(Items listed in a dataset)
******

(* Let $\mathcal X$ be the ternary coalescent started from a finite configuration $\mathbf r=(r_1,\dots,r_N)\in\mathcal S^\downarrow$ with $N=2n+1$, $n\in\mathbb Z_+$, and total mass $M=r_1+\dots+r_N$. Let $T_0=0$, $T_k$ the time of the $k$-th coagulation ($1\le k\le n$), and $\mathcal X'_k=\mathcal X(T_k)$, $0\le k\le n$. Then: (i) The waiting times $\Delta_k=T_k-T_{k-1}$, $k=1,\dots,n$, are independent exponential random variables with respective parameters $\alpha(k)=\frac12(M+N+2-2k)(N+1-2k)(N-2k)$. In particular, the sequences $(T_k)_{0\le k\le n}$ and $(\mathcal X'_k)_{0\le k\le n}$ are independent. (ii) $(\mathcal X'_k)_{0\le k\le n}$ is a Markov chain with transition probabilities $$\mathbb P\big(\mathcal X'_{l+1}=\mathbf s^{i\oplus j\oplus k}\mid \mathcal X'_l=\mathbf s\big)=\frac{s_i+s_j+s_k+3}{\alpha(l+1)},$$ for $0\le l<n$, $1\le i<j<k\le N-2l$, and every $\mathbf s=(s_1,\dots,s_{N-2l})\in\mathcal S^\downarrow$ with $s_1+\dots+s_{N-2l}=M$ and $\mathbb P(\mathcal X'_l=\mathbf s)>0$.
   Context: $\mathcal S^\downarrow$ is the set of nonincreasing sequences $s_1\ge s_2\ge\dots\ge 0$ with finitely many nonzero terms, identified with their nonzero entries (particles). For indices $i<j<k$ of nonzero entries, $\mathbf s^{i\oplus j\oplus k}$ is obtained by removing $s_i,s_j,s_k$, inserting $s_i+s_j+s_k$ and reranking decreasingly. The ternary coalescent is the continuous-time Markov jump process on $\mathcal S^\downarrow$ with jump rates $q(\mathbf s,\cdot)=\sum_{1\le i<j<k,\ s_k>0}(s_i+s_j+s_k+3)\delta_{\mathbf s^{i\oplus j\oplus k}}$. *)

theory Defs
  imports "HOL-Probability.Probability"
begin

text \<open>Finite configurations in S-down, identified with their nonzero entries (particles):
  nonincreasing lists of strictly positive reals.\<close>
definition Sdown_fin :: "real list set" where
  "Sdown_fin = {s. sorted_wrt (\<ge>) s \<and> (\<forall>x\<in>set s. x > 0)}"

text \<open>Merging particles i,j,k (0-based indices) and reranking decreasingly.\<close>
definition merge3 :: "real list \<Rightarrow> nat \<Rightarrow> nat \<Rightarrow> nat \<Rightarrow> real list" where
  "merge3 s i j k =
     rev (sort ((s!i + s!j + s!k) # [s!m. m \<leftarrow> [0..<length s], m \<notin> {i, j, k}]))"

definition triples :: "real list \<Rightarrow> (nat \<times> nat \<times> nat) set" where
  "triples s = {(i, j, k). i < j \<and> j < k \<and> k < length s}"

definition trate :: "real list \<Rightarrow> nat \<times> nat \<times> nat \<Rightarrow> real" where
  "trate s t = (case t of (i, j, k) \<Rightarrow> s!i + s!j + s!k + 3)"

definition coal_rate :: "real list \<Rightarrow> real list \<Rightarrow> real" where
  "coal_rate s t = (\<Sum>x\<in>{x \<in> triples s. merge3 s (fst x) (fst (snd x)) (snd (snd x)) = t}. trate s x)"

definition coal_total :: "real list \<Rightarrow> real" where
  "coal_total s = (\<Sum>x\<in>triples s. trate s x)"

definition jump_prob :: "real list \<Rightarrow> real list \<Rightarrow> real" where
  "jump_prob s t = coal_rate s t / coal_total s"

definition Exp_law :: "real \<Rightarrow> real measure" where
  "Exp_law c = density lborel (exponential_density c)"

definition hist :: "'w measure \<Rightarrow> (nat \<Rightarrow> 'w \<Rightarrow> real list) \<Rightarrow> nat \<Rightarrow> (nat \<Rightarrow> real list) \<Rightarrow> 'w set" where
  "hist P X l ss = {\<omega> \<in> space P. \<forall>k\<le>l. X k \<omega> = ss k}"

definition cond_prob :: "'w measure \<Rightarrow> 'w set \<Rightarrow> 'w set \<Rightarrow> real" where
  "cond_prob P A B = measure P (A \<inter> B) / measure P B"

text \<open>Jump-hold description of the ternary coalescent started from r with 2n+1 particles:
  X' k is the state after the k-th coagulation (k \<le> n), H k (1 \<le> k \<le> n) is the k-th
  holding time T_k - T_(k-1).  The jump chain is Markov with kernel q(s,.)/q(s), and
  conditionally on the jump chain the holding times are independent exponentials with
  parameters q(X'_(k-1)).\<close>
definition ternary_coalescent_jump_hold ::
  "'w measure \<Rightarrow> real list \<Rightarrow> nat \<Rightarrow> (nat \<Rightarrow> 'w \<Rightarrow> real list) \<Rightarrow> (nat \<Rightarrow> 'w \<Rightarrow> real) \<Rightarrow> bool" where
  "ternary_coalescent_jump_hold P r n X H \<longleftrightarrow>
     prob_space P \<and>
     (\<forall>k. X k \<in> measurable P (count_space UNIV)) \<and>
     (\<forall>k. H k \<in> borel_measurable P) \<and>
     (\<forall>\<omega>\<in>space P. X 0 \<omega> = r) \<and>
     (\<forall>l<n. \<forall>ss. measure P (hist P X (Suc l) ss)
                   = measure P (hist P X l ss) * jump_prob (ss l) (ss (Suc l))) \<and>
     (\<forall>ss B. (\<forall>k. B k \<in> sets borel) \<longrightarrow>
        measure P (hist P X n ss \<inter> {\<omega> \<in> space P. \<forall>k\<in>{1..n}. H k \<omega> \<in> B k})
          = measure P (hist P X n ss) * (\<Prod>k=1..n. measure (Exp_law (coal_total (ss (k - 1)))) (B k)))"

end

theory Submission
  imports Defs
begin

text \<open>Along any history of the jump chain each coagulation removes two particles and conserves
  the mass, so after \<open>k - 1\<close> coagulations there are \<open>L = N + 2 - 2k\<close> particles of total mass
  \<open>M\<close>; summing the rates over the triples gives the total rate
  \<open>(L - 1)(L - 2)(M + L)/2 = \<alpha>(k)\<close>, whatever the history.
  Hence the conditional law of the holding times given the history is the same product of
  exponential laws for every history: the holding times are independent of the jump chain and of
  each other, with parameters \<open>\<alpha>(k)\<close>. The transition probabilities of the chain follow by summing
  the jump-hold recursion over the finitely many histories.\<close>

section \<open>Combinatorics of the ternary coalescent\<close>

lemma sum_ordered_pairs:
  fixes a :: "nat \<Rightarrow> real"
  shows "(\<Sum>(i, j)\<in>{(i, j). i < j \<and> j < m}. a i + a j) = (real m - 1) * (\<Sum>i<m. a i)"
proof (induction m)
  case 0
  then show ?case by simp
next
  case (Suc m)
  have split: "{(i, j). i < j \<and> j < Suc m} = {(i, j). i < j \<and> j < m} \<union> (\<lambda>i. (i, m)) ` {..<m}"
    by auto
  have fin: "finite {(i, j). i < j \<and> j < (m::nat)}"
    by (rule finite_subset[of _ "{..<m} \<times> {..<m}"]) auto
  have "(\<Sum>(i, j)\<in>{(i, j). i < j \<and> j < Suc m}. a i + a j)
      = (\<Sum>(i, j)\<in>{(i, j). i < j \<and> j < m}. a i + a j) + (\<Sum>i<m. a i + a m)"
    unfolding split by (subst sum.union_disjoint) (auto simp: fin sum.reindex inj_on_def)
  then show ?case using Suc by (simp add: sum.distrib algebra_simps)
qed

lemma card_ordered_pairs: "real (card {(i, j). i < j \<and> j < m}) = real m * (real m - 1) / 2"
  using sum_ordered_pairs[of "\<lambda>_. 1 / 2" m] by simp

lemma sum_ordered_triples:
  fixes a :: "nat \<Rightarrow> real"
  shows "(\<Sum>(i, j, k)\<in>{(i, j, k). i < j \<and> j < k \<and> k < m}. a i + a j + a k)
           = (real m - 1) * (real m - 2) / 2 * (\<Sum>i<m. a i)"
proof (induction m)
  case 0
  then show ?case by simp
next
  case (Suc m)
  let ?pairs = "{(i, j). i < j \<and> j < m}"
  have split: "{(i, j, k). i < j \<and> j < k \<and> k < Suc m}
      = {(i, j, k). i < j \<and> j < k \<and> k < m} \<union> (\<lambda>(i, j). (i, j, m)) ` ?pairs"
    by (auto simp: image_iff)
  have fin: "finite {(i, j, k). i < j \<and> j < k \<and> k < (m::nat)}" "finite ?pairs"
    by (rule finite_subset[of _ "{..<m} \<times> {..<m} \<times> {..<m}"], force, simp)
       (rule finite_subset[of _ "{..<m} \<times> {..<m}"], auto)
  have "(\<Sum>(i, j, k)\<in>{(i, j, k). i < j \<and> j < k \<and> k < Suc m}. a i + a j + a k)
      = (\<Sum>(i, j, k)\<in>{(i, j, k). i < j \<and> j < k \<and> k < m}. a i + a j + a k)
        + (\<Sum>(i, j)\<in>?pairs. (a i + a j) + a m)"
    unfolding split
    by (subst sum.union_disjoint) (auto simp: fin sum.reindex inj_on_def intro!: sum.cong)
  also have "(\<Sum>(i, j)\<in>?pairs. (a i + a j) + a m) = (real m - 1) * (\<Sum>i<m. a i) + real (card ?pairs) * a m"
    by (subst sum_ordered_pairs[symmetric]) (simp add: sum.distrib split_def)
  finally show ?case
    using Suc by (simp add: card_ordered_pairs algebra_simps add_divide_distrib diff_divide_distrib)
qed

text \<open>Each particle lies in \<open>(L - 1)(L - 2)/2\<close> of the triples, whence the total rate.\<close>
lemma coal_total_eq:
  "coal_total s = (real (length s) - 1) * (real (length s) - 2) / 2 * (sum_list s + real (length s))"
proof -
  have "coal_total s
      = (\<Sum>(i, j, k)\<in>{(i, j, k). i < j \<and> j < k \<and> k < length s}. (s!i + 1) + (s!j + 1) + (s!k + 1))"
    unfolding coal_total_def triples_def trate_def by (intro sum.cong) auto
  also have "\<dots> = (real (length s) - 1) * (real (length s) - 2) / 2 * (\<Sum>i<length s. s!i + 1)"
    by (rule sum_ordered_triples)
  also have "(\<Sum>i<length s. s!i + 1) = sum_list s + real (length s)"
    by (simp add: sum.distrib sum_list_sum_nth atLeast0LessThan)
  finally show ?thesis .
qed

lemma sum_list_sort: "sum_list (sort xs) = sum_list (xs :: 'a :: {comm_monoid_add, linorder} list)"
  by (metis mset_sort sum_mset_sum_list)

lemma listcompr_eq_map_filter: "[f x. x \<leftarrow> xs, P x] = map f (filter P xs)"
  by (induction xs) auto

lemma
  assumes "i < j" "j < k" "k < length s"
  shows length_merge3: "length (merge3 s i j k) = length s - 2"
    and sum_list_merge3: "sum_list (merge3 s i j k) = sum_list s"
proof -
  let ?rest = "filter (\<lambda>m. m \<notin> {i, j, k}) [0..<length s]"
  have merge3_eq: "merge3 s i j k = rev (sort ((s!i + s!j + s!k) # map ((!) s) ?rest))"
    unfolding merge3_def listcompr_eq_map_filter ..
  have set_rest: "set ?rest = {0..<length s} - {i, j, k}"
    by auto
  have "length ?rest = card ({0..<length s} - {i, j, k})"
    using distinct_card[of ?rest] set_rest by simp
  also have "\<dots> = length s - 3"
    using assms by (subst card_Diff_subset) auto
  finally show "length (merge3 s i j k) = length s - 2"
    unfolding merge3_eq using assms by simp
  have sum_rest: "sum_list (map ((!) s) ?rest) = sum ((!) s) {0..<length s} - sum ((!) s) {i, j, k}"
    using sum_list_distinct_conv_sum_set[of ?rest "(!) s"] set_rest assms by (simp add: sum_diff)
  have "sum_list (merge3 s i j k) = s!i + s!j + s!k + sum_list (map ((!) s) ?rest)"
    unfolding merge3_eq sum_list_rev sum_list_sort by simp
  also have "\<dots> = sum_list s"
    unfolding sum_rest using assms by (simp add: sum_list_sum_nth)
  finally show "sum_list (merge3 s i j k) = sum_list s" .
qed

******

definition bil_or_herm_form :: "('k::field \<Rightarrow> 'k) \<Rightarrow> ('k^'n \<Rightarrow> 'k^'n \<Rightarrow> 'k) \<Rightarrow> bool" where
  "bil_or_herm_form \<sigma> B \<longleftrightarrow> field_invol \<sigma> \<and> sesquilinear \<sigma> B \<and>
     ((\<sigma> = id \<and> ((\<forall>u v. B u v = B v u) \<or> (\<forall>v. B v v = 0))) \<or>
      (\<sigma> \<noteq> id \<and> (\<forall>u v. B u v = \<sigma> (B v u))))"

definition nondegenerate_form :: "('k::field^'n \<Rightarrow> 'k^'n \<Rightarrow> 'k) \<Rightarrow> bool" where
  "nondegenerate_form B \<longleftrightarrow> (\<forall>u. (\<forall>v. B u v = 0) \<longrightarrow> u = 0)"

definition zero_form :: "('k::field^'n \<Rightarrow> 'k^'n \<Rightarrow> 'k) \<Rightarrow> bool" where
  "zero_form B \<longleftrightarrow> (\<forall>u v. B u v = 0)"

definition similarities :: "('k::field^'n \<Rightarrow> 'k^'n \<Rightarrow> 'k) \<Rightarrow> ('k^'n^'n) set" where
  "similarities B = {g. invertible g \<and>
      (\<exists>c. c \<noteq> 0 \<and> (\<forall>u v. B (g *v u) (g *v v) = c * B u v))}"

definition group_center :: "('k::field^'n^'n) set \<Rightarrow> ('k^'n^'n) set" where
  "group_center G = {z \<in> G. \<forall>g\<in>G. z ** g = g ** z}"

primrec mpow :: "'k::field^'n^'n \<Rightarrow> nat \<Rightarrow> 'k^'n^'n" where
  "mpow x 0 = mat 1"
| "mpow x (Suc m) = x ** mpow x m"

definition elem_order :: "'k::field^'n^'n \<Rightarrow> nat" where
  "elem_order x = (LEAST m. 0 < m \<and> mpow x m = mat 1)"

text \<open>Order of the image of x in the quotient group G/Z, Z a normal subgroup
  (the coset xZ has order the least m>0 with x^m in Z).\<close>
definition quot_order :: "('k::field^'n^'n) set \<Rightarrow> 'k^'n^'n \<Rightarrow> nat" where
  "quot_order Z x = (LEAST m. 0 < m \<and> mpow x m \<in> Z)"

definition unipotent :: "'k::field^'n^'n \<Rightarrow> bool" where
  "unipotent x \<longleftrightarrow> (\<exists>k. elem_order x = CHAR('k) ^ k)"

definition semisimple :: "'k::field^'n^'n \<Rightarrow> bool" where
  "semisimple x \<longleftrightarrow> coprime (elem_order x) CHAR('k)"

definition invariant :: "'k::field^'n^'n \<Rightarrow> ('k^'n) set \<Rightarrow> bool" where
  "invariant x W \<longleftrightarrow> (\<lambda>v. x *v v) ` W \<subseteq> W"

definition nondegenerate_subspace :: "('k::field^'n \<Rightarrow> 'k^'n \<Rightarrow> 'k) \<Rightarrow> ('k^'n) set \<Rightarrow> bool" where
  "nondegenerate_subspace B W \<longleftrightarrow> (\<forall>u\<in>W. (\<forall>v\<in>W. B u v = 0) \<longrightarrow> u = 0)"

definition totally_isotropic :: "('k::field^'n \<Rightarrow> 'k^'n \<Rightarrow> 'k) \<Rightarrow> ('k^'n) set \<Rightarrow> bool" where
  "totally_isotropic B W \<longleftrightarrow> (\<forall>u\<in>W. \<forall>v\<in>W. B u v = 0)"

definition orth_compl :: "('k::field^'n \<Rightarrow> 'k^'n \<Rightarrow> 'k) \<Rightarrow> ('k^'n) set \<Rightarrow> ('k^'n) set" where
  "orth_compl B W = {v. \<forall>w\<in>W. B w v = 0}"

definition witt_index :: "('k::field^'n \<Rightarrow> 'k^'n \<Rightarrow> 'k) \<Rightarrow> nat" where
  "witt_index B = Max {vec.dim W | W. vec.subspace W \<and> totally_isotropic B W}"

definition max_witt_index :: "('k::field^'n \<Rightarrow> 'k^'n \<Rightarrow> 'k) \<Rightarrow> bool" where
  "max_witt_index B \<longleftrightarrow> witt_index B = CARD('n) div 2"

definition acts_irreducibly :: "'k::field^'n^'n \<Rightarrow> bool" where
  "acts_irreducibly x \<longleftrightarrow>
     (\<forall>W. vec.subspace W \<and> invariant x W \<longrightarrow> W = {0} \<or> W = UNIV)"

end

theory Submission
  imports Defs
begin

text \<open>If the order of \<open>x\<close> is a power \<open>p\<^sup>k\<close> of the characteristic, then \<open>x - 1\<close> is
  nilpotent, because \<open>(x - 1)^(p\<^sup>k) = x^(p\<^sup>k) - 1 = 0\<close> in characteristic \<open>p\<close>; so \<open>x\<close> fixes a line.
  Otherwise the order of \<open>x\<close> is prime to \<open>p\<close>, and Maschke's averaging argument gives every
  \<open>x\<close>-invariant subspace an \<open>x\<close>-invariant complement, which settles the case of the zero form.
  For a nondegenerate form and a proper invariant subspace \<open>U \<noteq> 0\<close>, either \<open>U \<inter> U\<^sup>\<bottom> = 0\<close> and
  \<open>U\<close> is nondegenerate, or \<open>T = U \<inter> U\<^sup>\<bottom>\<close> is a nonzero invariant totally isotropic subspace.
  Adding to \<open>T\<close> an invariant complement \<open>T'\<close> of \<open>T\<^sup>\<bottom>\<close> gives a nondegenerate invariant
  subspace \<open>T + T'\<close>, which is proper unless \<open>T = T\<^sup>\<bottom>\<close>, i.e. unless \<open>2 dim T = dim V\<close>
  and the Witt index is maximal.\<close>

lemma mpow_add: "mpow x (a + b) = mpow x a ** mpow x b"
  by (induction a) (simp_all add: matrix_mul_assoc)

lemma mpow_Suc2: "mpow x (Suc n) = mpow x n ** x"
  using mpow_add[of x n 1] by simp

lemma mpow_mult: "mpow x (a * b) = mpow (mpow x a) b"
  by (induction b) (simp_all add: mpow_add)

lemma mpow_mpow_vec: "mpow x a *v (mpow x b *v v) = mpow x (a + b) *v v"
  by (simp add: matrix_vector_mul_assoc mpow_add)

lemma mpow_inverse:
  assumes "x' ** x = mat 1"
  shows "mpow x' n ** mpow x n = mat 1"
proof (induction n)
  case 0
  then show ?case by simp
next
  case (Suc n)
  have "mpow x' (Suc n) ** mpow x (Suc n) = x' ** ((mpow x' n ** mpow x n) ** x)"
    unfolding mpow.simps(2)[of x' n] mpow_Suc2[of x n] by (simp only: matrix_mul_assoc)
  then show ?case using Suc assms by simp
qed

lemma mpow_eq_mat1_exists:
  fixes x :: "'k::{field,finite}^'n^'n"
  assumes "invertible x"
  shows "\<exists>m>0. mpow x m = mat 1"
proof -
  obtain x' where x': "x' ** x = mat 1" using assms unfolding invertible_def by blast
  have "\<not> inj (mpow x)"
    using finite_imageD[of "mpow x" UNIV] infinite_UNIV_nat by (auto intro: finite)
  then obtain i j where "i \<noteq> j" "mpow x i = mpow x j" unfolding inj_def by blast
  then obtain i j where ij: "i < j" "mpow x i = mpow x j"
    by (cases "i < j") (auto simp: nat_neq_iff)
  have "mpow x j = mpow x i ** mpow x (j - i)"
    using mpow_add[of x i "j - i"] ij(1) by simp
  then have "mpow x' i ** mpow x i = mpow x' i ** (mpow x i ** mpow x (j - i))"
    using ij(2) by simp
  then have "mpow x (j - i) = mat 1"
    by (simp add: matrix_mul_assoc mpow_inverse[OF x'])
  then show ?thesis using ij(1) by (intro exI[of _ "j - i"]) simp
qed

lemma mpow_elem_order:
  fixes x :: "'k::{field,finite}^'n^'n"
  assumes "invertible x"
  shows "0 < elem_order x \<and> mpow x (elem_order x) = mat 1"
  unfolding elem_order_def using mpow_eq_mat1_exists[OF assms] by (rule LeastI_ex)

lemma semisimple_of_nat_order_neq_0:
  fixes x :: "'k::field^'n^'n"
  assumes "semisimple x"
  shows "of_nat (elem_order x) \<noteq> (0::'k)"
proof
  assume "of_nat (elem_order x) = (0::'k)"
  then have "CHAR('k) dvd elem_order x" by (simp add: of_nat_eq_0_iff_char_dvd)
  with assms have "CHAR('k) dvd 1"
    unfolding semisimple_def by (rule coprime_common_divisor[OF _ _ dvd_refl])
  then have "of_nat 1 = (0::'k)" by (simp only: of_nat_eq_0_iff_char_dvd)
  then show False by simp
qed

******

WORK REQUIRED
In the entries above, identify each line that includes the string "cong", then copy it.

WRITTEN RESPONSE
    by (subst sum.union_disjoint) (auto simp: fin sum.reindex inj_on_def intro!: sum.cong)
    unfolding coal_total_def triples_def trate_def by (intro sum.cong) auto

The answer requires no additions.